You may have better chances of success by proving the concept is scalable beyond just guns - i.e. instruments, vehicles, tools, collectibles, etc. If you can prove the concept works in multiple markets, it may be worth investing in the tech infrastructure to build and market it.

Edited to include:

Now that I think about it, some elements of this exist already out there. Take for example Guitar Center. You can go online and browse their "used gear" inventory across all stores in the chain (which is priced however they choose to at that particular store). If you find something you like at a price you are willing to pay they will ship it to your local Guitar Center store at no cost.

A service like that which links FFLs used inventory and provides for intra-FFL shipping at rates that make participation worthwhile, merged with a customer-facing profile and subscription capability (set my likes /preferences and give me targeted marketing or push notifications for specific search results, i.e. "send me any used Ruger 10/22 listings under $250")... and all that built on a market-agnostic platform that can be rebranded for other specialities (knives, tools, cars, collectibles, etc.)... You know, there may actually be something to that. It's a stretch and would definitely take some serious effort to make into a viable service, but I could see something like that getting investment capital.
Better yet, it should be online, and independent of the FFLs.

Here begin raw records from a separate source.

(* Let $U\subset\mathbb R^n$ be open, $X$ a $C^1$ vector field on $U$, and $V:U\to\mathbb R$ a $C^2$ function satisfying A1, A2, and either A3 or A3$'$ (for A3$'$ assume $X,V$ are $C^\infty$). Then $V^{-1}(0)$ is uniformly asymptotically stable for the system $\dot x = X(x)-\nabla V(x)$.
   Context: (A1) $V\ge0$ on $U$, $V^{-1}(0)\ne\emptyset$, $\nabla V\cdot X=0$ on $U$. (A2) $c>0$ is such that $V^{-1}([0,c])$ is a compact subset of $U$. (A3) The set of critical points of $V$ in $V^{-1}([0,c])$ equals $V^{-1}(0)$. (A3$'$) With $X^0g=g$, $X^kg=X\cdot\nabla(X^{k-1}g)$ and $S=\{x\in U: X^k\partial V/\partial x^i(x)=0\ \forall k\ge0,\,1\le i\le n\}$, one has $S\cap V^{-1}([0,c])\subset V^{-1}(0)$. For nonempty compact $\Lambda\subset\mathbb R^n$, $\operatorname{dist}(x,\Lambda)=\inf_{a\in\Lambda}|x-a|$ and $S(\Lambda,r)=\{x:\operatorname{dist}(x,\Lambda)<r\}$. Let $x(t;x_0)$ be the solution with $x(0)=x_0$. $\Lambda$ is uniformly stable if for each $\epsilon>0$ there is $\delta>0$ with $x_0\in S(\Lambda,\delta),\ t\ge0\Rightarrow x(t;x_0)\in S(\Lambda,\epsilon)$. $\Lambda$ is uniformly asymptotically stable if it is positively invariant and uniformly stable and there is $\delta_0>0$ and for each $\epsilon>0$ a $T(\epsilon)>0$ with $x_0\in S(\Lambda,\delta_0),\ t\ge T(\epsilon)\Rightarrow x(t;x_0)\in S(\Lambda,\epsilon)$. *)

theory Defs
  imports "HOL-Analysis.Analysis"
begin

text \<open>Partial derivative of f in the direction of the basis vector i (well defined when f is
  differentiable at x).\<close>
definition pderiv_at :: "('a::euclidean_space \<Rightarrow> 'b::real_normed_vector) \<Rightarrow> 'a \<Rightarrow> 'a \<Rightarrow> 'b" where
  "pderiv_at f i x = frechet_derivative f (at x) i"

fun Ck_on :: "nat \<Rightarrow> 'a::euclidean_space set \<Rightarrow> ('a \<Rightarrow> 'b::real_normed_vector) \<Rightarrow> bool" where
  "Ck_on 0 U f = continuous_on U f"
| "Ck_on (Suc k) U f =
     ((\<forall>x\<in>U. f differentiable (at x)) \<and> (\<forall>i\<in>Basis. Ck_on k U (\<lambda>x. pderiv_at f i x)))"

definition smooth_on :: "'a::euclidean_space set \<Rightarrow> ('a \<Rightarrow> 'b::real_normed_vector) \<Rightarrow> bool" where
  "smooth_on U f = (\<forall>k. Ck_on k U f)"

definition grad :: "('a::euclidean_space \<Rightarrow> real) \<Rightarrow> 'a \<Rightarrow> 'a" where
  "grad V x = (\<Sum>i\<in>Basis. pderiv_at V i x *\<^sub>R i)"

fun lie_iter :: "('a::euclidean_space \<Rightarrow> 'a) \<Rightarrow> nat \<Rightarrow> ('a \<Rightarrow> real) \<Rightarrow> 'a \<Rightarrow> real" where
  "lie_iter X 0 g = g"
| "lie_iter X (Suc k) g = (\<lambda>x. X x \<bullet> grad (lie_iter X k g) x)"

definition nbhd :: "'a::euclidean_space set \<Rightarrow> real \<Rightarrow> 'a set" where
  "nbhd L r = {x. infdist x L < r}"

definition is_solution :: "'a::euclidean_space set \<Rightarrow> ('a \<Rightarrow> 'a) \<Rightarrow> 'a \<Rightarrow> (real \<Rightarrow> 'a) \<Rightarrow> bool" where
  "is_solution U F x0 x \<longleftrightarrow> x 0 = x0 \<and>
     (\<forall>t\<ge>0. x t \<in> U \<and> (x has_vector_derivative F (x t)) (at t within {0..}))"

definition pos_invariant :: "'a::euclidean_space set \<Rightarrow> ('a \<Rightarrow> 'a) \<Rightarrow> 'a set \<Rightarrow> bool" where
  "pos_invariant U F L \<longleftrightarrow>
     (\<forall>x0\<in>L. (\<exists>x. is_solution U F x0 x) \<and> (\<forall>x. is_solution U F x0 x \<longrightarrow> (\<forall>t\<ge>0. x t \<in> L)))"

You'd have way more reach and it won't have to meet the requirements that gun stores will inherently have. You could call it Broker Guns or something like that.
 
I am going to take @Knobgoblin advice and focus on selling the inventory on hand. I will let the boss figure out, on his own, how to resupply the inventory. If the racks and cases get bare enough, he may decide to get more aggressive with offers when sellers come in with firearms.